From Prototype to Framework


 The Journey Behind My Miner Game


My project started as a small experiment: a fixed-board card game prototype. The goal was simple  make something playable. But very quickly, the project began to evolve in unexpected ways.

1. When a Simple Prototype Stops Being Simple

As soon as I started coding, bigger questions appeared:

  • How should actions be organized?

  • How should components behave?

  • How can I write this so it won’t break later?

  • Can this code be useful for future games?

Trying to answer these questions pulled me out of “quick prototype” mode and into deeper architectural thinking. I didn’t want rushed, messy code that would cause problems later  I’d been there before. But trying to avoid future problems too early created its own kind of paralysis.

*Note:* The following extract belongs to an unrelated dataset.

(* Let $D\ge1$, let $\sigma_1^2,\sigma_2^2>0$, $c'>0$, and for $k=1,\dots,D$ let $\alpha_k>0$, $\beta_k>0$, $q_k>0$ be fixed. Consider the problem in the variables $d_1,\dots,d_D\ge0$ and $0\le\varepsilon\le1$: $$\max\;\tilde f(\varepsilon,\{d_k\})=\frac{1-\varepsilon}{2}\sum_{k=1}^D\log_2\frac{\left(1+\frac{\alpha_k}{\sigma_1^2}q_k\right)\left(1+\frac{\beta_k}{\sigma_2^2}d_k\right)}{1+\frac{\alpha_k}{\sigma_1^2}q_k+\frac{\beta_k}{\sigma_2^2}d_k}\quad\text{s.t.}\quad \tilde g(\varepsilon,\{d_k\})=\varepsilon c'-\frac{1-\varepsilon}{2}\sum_{k=1}^D d_k\ge0.$$ For $\mu_1>0$ define $$d_k(\mu_1)=\frac{\sigma_2^2}{2\beta_k}\left(\sqrt{\left(\frac{q_k\alpha_k}{\sigma_1^2}\right)^2+\frac{4q_k\alpha_k\beta_k\mu_1}{\sigma_1^2\sigma_2^2\ln2}}-\frac{q_k\alpha_k}{\sigma_1^2}-2\right)^+$$ and $$\tilde l(\mu_1)=-\frac12\sum_{k=1}^D\log_2\frac{\left(1+\frac{\alpha_k}{\sigma_1^2}q_k\right)\left(1+\frac{\beta_k}{\sigma_2^2}d_k(\mu_1)\right)}{1+\frac{\alpha_k}{\sigma_1^2}q_k+\frac{\beta_k}{\sigma_2^2}d_k(\mu_1)}+\frac1{\mu_1}\left[c'+\frac12\sum_{k=1}^D d_k(\mu_1)\right].$$ Then there exists $\mu_1^*>0$ with $\tilde l(\mu_1^* )=0$, and for any such $\mu_1^*$ the point $d_k^*=d_k(\mu_1^* )$, $$\varepsilon^*=\frac{\sum_{k=1}^D d_k^*}{2c'+\sum_{k=1}^D d_k^*},$$ is feasible with $\tilde g(\varepsilon^*,\{d_k^*\})=0$ and, with multiplier $\nu_1=1/\mu_1^*$ on $\tilde g\ge0$ and suitable multipliers $\lambda_k\ge0$ on $d_k\ge0$, satisfies the Karush–Kuhn–Tucker conditions of this problem.
   Context: This is the subproblem, with the source power allocation $q_k$ fixed, of the joint source/relay/TS-ratio design for an energy-harvesting MIMO relay: $\alpha_k,\beta_k$ are squared singular values of the source–relay and relay–destination channels, $d_k$ are transformed relay power variables, $\varepsilon$ is the time-switching ratio, and $c'=\eta(g_1P_0+\sigma_1^2D)>0$ is the harvested-energy constant ($\eta\in(0,1]$ conversion efficiency, $g_1$ largest squared singular value of the energy-phase channel, $P_0$ energy-phase transmit power). *)

theory Defs
  imports Complex_Main
begin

I kept aiming for a solid foundation I could reuse, but that ambition constantly pushed me backward. Every step forward exposed my own imperfections and stirred up the familiar anxiety of not being good enough. I’ve spent more time worrying about how to express this than actually building the next part of the game. Writing this is my way of breaking that cycle and taking the next step.

Where I Am Now

Many commits later, the project has transformed:

  • The card-game idea is gone no more tapping, to give way to the  WASD movement.

  • Instead of messy random generation, I now load levels from a simple ASCII map file.

  • Each symbol in the file maps to a tile or object in the game, giving me a clean, controllable way to build levels.

  • Two core state machines one for the game flow  and another one for better control sprite animations. 

This project has changed shapes more than I expected, but each shift has pushed it toward a clearer structure and a better game. I’m still building, still learning, and now finally moving with purpose instead of getting stuck in the details. The miner game is taking form  and so is the foundation for whatever comes next.